7. Richard Kadrey, et al. v. Meta
Current Status: No major substantive developments this past week. Three weeks ago, Plaintiffs moved to amend their consolidated complaint to revise the class definition and add an additional claim for contributory copyright infringement. Although the proposed amendments are filed under seal, the memorandum of law accompanying the proposed amendments suggests that the new contributory copyright infringement claim is intended to capture instances where Meta uploaded the asserted works in the course of seeding torrents for the various shadow-libraries from which they sourced training data. There were no significant new filings in the past week.
8. Reddit v. Anthropic
Current Status: No major substantive developments this past week. Two weeks ago, the Court held a joint case management conference and set a schedule, with the hearing on Reddit’s motion to remand to state court scheduled for January 27th and trial set for February 14th, 2028. Anthropic also submitted the order dismissing several of Ziff Davis’ claims in the multi-district litigation to the Court as a relevant decision to its opposition to Reddit’s motion for remand.
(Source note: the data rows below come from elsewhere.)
lemma ex_adapted_basis_max_order:
  fixes e :: "nat \<Rightarrow> 'a::{finite,ab_group_add}"
  assumes fin: "finite I" and ind: "indep I e" and pp: "\<forall>i\<in>I. prime_power_order (e i)"
    and j: "j \<in> I" and max: "\<forall>i\<in>I. add_ord (e i) \<le> p ^ k" and p: "prime p" and k: "1 \<le> k"
    and \<rho>: "additive_endo \<rho>" and idem: "idempotent_on (span I e) \<rho>" and ord_b: "add_ord (\<rho> (e j)) = p ^ k"
    and IH: "\<And>l g. l \<in> I \<Longrightarrow> indep (I - {l}) g \<Longrightarrow> \<forall>i\<in>I - {l}. prime_power_order (g i) \<Longrightarrow>
      idempotent_on (span (I - {l}) g) \<rho> \<Longrightarrow> \<exists>f. same_type_basis (I - {l}) g f \<and> adapted \<rho> (I - {l}) f"
  shows "\<exists>f. same_type_basis I e f \<and> adapted \<rho> I f"
proof -
  have "\<rho> (e j) \<in> span I e" and fixed: "\<rho> (\<rho> (e j)) = \<rho> (e j)"
    using idem span_gen[OF fin j] unfolding idempotent_on_def by blast+
  then obtain m where b: "\<rho> (e j) = lincomb I e m" unfolding span_def by blast
  obtain l where l: "l \<in> I" and ord_l: "add_ord (e l) = p ^ k" and unit: "coprime (m l) (p ^ k)"
    using ex_unit_coordinate[OF ind pp max p k] ord_b b by auto
  define e' where "e' = e(l := \<rho> (e j))"
  have "coprime (m l) (add_ord (e l))" and "add_ord (lincomb I e m) dvd add_ord (e l)"
    using unit ord_l ord_b b by simp_all
  then have ind': "indep I e'" and span': "span I e' = span I e"
    unfolding e'_def b by (simp_all add: exchange_indep[OF fin ind l] exchange_span[OF fin l])
  have ord': "\<forall>i\<in>I. add_ord (e' i) = add_ord (e i)" using ord_b ord_l by (simp add: e'_def)
  have "\<exists>f. same_type_basis I e' f \<and> adapted \<rho> I f"
  proof (rule ex_adapted_basis_step[OF fin ind' l \<rho>])
    show "idempotent_on (span I e') \<rho>" using idem span' by simp
    show "\<rho> (e' l) = e' l" using fixed by (simp add: e'_def)
    fix g assume "indep (I - {l}) g" and ord_g: "\<forall>i\<in>I - {l}. add_ord (g i) = add_ord (e' i)"
      and "idempotent_on (span (I - {l}) g) \<rho>"
    moreover have "\<forall>i\<in>I - {l}. prime_power_order (g i)"
      using pp ord' ord_g unfolding prime_power_order_def by auto
    ultimately show "\<exists>f. same_type_basis (I - {l}) g f \<and> adapted \<rho> (I - {l}) f" using IH[OF l] by blast
  qed
  then show ?thesis using span' ord' unfolding same_type_basis_def by auto
qed

lemma ex_adapted_basis:
  fixes e :: "nat \<Rightarrow> 'a::{finite,ab_group_add}"
  assumes "finite I" and "indep I e" and "\<forall>i\<in>I. prime_power_order (e i)"
    and "additive_endo \<pi>" and "idempotent_on (span I e) \<pi>"
  shows "\<exists>f. same_type_basis I e f \<and> adapted \<pi> I f"
  using assms
proof (induction "card I" arbitrary: I e \<pi> rule: less_induct)
  case less
  note fin = less.prems(1) and ind = less.prems(2) and pp = less.prems(3)
  show ?case
  proof (cases "I = {}")
    case True
    then show ?thesis using ind by (auto simp: same_type_basis_def adapted_def)
  next
    case False
    define M where "M = Max ((\<lambda>i. add_ord (e i)) ` I)"
    have "M \<in> (\<lambda>i. add_ord (e i)) ` I" unfolding M_def using fin False by (intro Max_in) auto
    then obtain j where j: "j \<in> I" and "add_ord (e j) = M" by auto
    moreover obtain p k where p: "prime p" and k: "1 \<le> k" and ord_j: "add_ord (e j) = p ^ k"
      using pp j unfolding prime_power_order_def by blast
    ultimately have max: "\<forall>i\<in>I. add_ord (e i) \<le> p ^ k" using fin unfolding M_def by auto
    have adapted_\<rho>: "\<exists>f. same_type_basis I e f \<and> adapted \<rho> I f"
      if \<rho>: "additive_endo \<rho>" and "idempotent_on (span I e) \<rho>" and "add_ord (\<rho> (e j)) = p ^ k" for \<rho>
    proof (rule ex_adapted_basis_max_order[OF fin ind pp j max p k that])
      fix l g assume "l \<in> I" and "indep (I - {l}) g" and "\<forall>i\<in>I - {l}. prime_power_order (g i)"
        and "idempotent_on (span (I - {l}) g) \<rho>"
      then show "\<exists>f. same_type_basis (I - {l}) g f \<and> adapted \<rho> (I - {l}) f"
        using less.hyps[of "I - {l}" g \<rho>] card_Diff1_less[OF fin] fin \<rho> by simp
    qed
    consider "add_ord (\<pi> (e j)) = p ^ k" | "add_ord (e j - \<pi> (e j)) = p ^ k"
      using add_ord_split[OF less.prems(4) p k ord_j] by blast
    then show ?thesis
    proof cases
      case 1
      then show ?thesis using adapted_\<rho> less.prems(4,5) by blast
    next
      case 2
      have "\<exists>f. same_type_basis I e f \<and> adapted (\<lambda>x. x - \<pi> x) I f"
        using 2 less.prems(4,5)
        by (intro adapted_\<rho>) (simp_all add: additive_endo_complement idempotent_on_complement)
      then show ?thesis using adapted_complement by blast
    qed
  qed
qed

lemma idempotent_on_UNIV: "idempotent_on UNIV \<pi> \<longleftrightarrow> idempotent_map \<pi>"
  by (simp add: idempotent_on_def idempotent_map_def fun_eq_iff)

lemma span_adapted:
  fixes f :: "nat \<Rightarrow> 'a::{finite,ab_group_add}"
  assumes fin: "finite I" and span: "span I f = UNIV" and \<pi>: "additive_endo \<pi>" and "adapted \<pi> I f"
  defines "I1 \<equiv> {i \<in> I. \<pi> (f i) = f i}" and "I2 \<equiv> {i \<in> I. \<pi> (f i) \<noteq> f i}"
  shows "span I1 f = {x. \<pi> x = x}" and "span I2 f = {x. \<pi> x = 0}"
proof -
  have \<pi>_I2: "\<pi> (f i) = 0" if "i \<in> I2" for i
    using assms(4) that unfolding adapted_def I2_def by auto
  have \<pi>_span1: "\<pi> x = x" if x: "x \<in> span I1 f" for x
  proof -
    obtain c where "x = lincomb I1 f c" using x unfolding span_def by blast
    moreover have "lincomb I1 (\<lambda>i. \<pi> (f i)) c = lincomb I1 f c" by (rule lincomb_cong) (simp add: I1_def)
    ultimately show ?thesis by (simp add: additive_endo_lincomb[OF \<pi>])
  qed
  have \<pi>_span2: "\<pi> x = 0" if x: "x \<in> span I2 f" for x
  proof -
    obtain c where "x = lincomb I2 f c" using x unfolding span_def by blast
    moreover have "lincomb I2 (\<lambda>i. \<pi> (f i)) c = 0" by (rule lincomb_eq_0) (simp add: \<pi>_I2)
    ultimately show ?thesis by (simp add: additive_endo_lincomb[OF \<pi>])
  qed
  have decomp: "\<exists>x1\<in>span I1 f. \<exists>x2\<in>span I2 f. x = x1 + x2" for x
  proof -
    have "I = I1 \<union> I2" and "I1 \<inter> I2 = {}" and "finite I1" and "finite I2"
      using fin unfolding I1_def I2_def by auto
    then have "span I f = {x1 + x2 | x1 x2. x1 \<in> span I1 f \<and> x2 \<in> span I2 f}"
      using span_union[of I1 I2 f f] by simp
    then have "x \<in> {x1 + x2 | x1 x2. x1 \<in> span I1 f \<and> x2 \<in> span I2 f}" using span by simp
    then show ?thesis by blast
  qed
  show "span I1 f = {x. \<pi> x = x}"
  proof (intro equalityI subsetI)
    fix x assume "x \<in> {x. \<pi> x = x}"
    moreover obtain x1 x2 where "x1 \<in> span I1 f" "x2 \<in> span I2 f" "x = x1 + x2" using decomp by blast
    ultimately show "x \<in> span I1 f" using \<pi>_span1 \<pi>_span2 by (simp add: additive_endo_add[OF \<pi>])
  qed (simp add: \<pi>_span1)
  show "span I2 f = {x. \<pi> x = 0}"
  proof (intro equalityI subsetI)
    fix x assume "x \<in> {x. \<pi> x = 0}"
    moreover obtain x1 x2 where "x1 \<in> span I1 f" "x2 \<in> span I2 f" "x = x1 + x2" using decomp by blast
    ultimately show "x \<in> span I2 f" using \<pi>_span1 \<pi>_span2 by (simp add: additive_endo_add[OF \<pi>])
  qed (simp add: \<pi>_span2)
qed

lemma fixed_kernel_basis_union:
  fixes \<epsilon> :: "'a::{finite,ab_group_add} \<Rightarrow> 'a"
  assumes \<epsilon>: "additive_endo \<epsilon>" and idem: "idempotent_map \<epsilon>"
    and fin: "finite I1" "finite I2" and disj: "I1 \<inter> I2 = {}" and "indep I1 g1" and "indep I2 g2"
    and span1: "span I1 g1 = {x. \<epsilon> x = x}" and span2: "span I2 g2 = {x. \<epsilon> x = 0}"
  shows "indep (I1 \<union> I2) (\<lambda>i. if i \<in> I1 then g1 i else g2 i)"
    and "span (I1 \<union> I2) (\<lambda>i. if i \<in> I1 then g1 i else g2 i) = UNIV"
    and "adapted \<epsilon> (I1 \<union> I2) (\<lambda>i. if i \<in> I1 then g1 i else g2 i)"
proof -
  show "indep (I1 \<union> I2) (\<lambda>i. if i \<in> I1 then g1 i else g2 i)"
  proof (rule indep_union[OF fin disj \<open>indep I1 g1\<close> \<open>indep I2 g2\<close>])
    fix x y assume "x \<in> span I1 g1" and "y \<in> span I2 g2" and "x + y = 0"
    then show "x = 0"
      using span1 span2 additive_endo_add[OF \<epsilon>, of x y] additive_endo_zero[OF \<epsilon>] by simp
  qed
  have "\<epsilon> (\<epsilon> z) = \<epsilon> z" for z using idem by (metis comp_apply idempotent_map_def)
  then have "\<epsilon> z \<in> span I1 g1" and "z - \<epsilon> z \<in> span I2 g2" for z
    unfolding span1 span2 by (simp_all add: additive_endo_diff[OF \<epsilon>])
  moreover have "z = \<epsilon> z + (z - \<epsilon> z)" for z by simp
  ultimately have "z \<in> {x + y | x y. x \<in> span I1 g1 \<and> y \<in> span I2 g2}" for z by blast
  then show "span (I1 \<union> I2) (\<lambda>i. if i \<in> I1 then g1 i else g2 i) = UNIV"
    unfolding span_union[OF fin disj] by blast
  show "adapted \<epsilon> (I1 \<union> I2) (\<lambda>i. if i \<in> I1 then g1 i else g2 i)"
    using span_gen[OF fin(1), of _ g1] span_gen[OF fin(2), of _ g2] span1 span2
    unfolding adapted_def by auto
qed

lemma ex_simultaneous_adapted_basis:
  fixes e :: "nat \<Rightarrow> 'a::{finite,ab_group_add}" and \<epsilon>1 \<epsilon>2 :: "'a \<Rightarrow> 'a"
  assumes fin: "finite I" and ind: "indep I e" and span: "span I e = UNIV"
    and pp: "\<forall>i\<in>I. prime_power_order (e i)"
    and \<epsilon>1: "additive_endo \<epsilon>1" and \<epsilon>2: "additive_endo \<epsilon>2"
    and idem1: "idempotent_map \<epsilon>1" and idem2: "idempotent_map \<epsilon>2" and comm: "\<epsilon>1 \<circ> \<epsilon>2 = \<epsilon>2 \<circ> \<epsilon>1"
  obtains g where "indep I g" and "span I g = UNIV" and "\<forall>i\<in>I. add_ord (g i) = add_ord (e i)"
    and "adapted \<epsilon>1 I g" and "adapted \<epsilon>2 I g"
proof -
  obtain f where f: "same_type_basis I e f" and adapted_f: "adapted \<epsilon>1 I f"
    using ex_adapted_basis[OF fin ind pp \<epsilon>1] idem1 span by (auto simp: idempotent_on_UNIV)
  define I1 I2 where "I1 = {i \<in> I. \<epsilon>1 (f i) = f i}" and "I2 = {i \<in> I. \<epsilon>1 (f i) \<noteq> f i}"
  have I: "I1 \<union> I2 = I" "I1 \<inter> I2 = {}" "finite I1" "finite I2"
    using fin unfolding I1_def I2_def by auto
  have "span I f = UNIV" using f span by (simp add: same_type_basis_def)
  note S = span_adapted[OF fin this \<epsilon>1 adapted_f, folded I1_def I2_def]
  have \<epsilon>2_\<epsilon>1: "\<epsilon>1 (\<epsilon>2 x) = \<epsilon>2 (\<epsilon>1 x)" for x using comm by (metis comp_apply)
  have \<epsilon>2\<epsilon>2: "\<epsilon>2 (\<epsilon>2 x) = \<epsilon>2 x" for x using idem2 by (metis comp_apply idempotent_map_def)
  have "idempotent_on (span I1 f) \<epsilon>2" and "idempotent_on (span I2 f) \<epsilon>2"
    unfolding S idempotent_on_def by (simp_all add: \<epsilon>2_\<epsilon>1 \<epsilon>2\<epsilon>2 additive_endo_zero[OF \<epsilon>2])
  moreover have "indep I1 f" and "indep I2 f" using f I indep_subset[OF fin]
    unfolding same_type_basis_def by blast+
  moreover have "\<forall>i\<in>I. prime_power_order (f i)"
    using f pp unfolding same_type_basis_def prime_power_order_def by simp
  then have "\<forall>i\<in>I1. prime_power_order (f i)" and "\<forall>i\<in>I2. prime_power_order (f i)"
    using I by auto
  ultimately obtain g1 g2 where g1: "same_type_basis I1 f g1" "adapted \<epsilon>2 I1 g1"
    and g2: "same_type_basis I2 f g2" "adapted \<epsilon>2 I2 g2"
    using ex_adapted_basis[OF I(3) _ _ \<epsilon>2] ex_adapted_basis[OF I(4) _ _ \<epsilon>2] by meson
  define g where "g i = (if i \<in> I1 then g1 i else g2 i)" for i
  have "span I1 g1 = {x. \<epsilon>1 x = x}" and "span I2 g2 = {x. \<epsilon>1 x = 0}"
    using g1 g2 S unfolding same_type_basis_def by simp_all
  moreover have "indep I1 g1" and "indep I2 g2" using g1 g2 unfolding same_type_basis_def by simp_all
  ultimately have "indep I g" and "span I g = UNIV" and "adapted \<epsilon>1 I g"
    using fixed_kernel_basis_union[OF \<epsilon>1 idem1 I(3,4,2)] unfolding g_def I(1)[symmetric] by blast+
  moreover have "\<forall>i\<in>I. add_ord (g i) = add_ord (e i)"
    using f g1 g2 I unfolding same_type_basis_def g_def by auto
  moreover have "adapted \<epsilon>2 I g"
    using g1(2) g2(2) I unfolding adapted_def g_def by auto
  ultimately show thesis using that by blast
qed

section \<open>Conjugation to diagonal form\<close>

lemma ppc_basis_prime_power_order: "ppc_basis r e \<Longrightarrow> \<forall>i\<in>{..<r}. prime_power_order (e i)"
  by (simp add: ppc_basis_def prime_power_order_def)

lemma ppc_basis_span:
  assumes "ppc_basis r e"
  shows "span {..<r} e = UNIV"
proof -
  have "x \<in> span {..<r} e" for x
  proof -
    obtain c where "x = (\<Sum>i<r. nsmul (c i) (e i))" using assms unfolding ppc_basis_def by blast
    then have "x = lincomb {..<r} e c" by (simp add: lincomb_def)
    then show ?thesis by simp
  qed
  then show ?thesis by blast
qed

lemma ppc_basis_indep:
  fixes e :: "nat \<Rightarrow> 'a::{finite,ab_group_add}"
  assumes "ppc_basis r e"
  shows "indep {..<r} e"
  unfolding indep_def
proof (intro allI impI ballI)
  fix c i assume c: "lincomb {..<r} e c = 0" and i: "i \<in> {..<r}"
  define Q where "Q d \<longleftrightarrow> (\<forall>i<r. d i < add_ord (e i)) \<and> (\<forall>i\<ge>r. d i = 0) \<and>
    (0::'a) = (\<Sum>i<r. nsmul (d i) (e i))" for d
  have "\<exists>!d. Q d" using spec[OF conjunct2[OF assms[unfolded ppc_basis_def]], of 0] unfolding Q_def .
  then obtain d where uniq: "\<And>d'. Q d' \<Longrightarrow> d' = d" by (elim ex1E) blast
  have "Q (\<lambda>_. 0)" by (simp add: Q_def add_ord_pos)
  moreover have "Q (\<lambda>j. if j < r then c j mod add_ord (e j) else 0)"
    using c by (simp add: Q_def add_ord_pos lincomb_def nsmul_mod_add_ord)
  ultimately have "(\<lambda>j. if j < r then c j mod add_ord (e j) else 0) = (\<lambda>_. 0)"
    using uniq by metis
  from fun_cong[OF this, of i] have "c i mod add_ord (e i) = 0" using i by simp
  then show "nsmul (c i) (e i) = 0" by (simp add: nsmul_eq_0_iff dvd_eq_mod_eq_0)
qed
The suggestion appears to be that Reddit’s state court claims are preempted by federal copyright law and thus that the case is not suited for resolution in state court. This week saw no significant new filings.
9. Hendrix v. Apple
Current Status: No major substantive developments this past week. As discussed previously, the parties and the Court agreed to relate the present case to another case filed against Apple by Susana Martinez-Conde and Stephen Macknick. Several weeks ago, the Court accepted another request to relate a case by Tasha Alexander against Apple. At the moment, class leadership has not been determined, with a hearing on Plaintiffs’ motions for leadership set for January 27th, 2026.
10. Disney et al. v. Minimax & Hailuo AI
Current Status: No major substantive developments this past week. Months ago, Disney, Universal, and Warner Bros. filed suit against AI companies offering video generation products which is similar to the one filed by Disney against Midjourney. The case has been assigned to Judge Stanley Blumenfeld and Magistrate Judge Charles Eick.
Although the case has seen little movement, Judge Stanley Blumenfeld issued an order to show cause in the last week of 2025 in which he noted that the complaint had been served more than 90 days ago and yet Disney had not yet filed proof of service. Disney was ordered to explain why the case should not be dismissed for lack of prosecution by December 29th. Disney responded on Christmas Eve, explaining that it has made efforts to serve Defendants but has been unsuccessful due to difficulties serving foreign parties. Disney also noted that Rule 4(m) (which sets forth the requirement to serve defendants within 90 days) has been found not to apply where all defendants are foreign companies.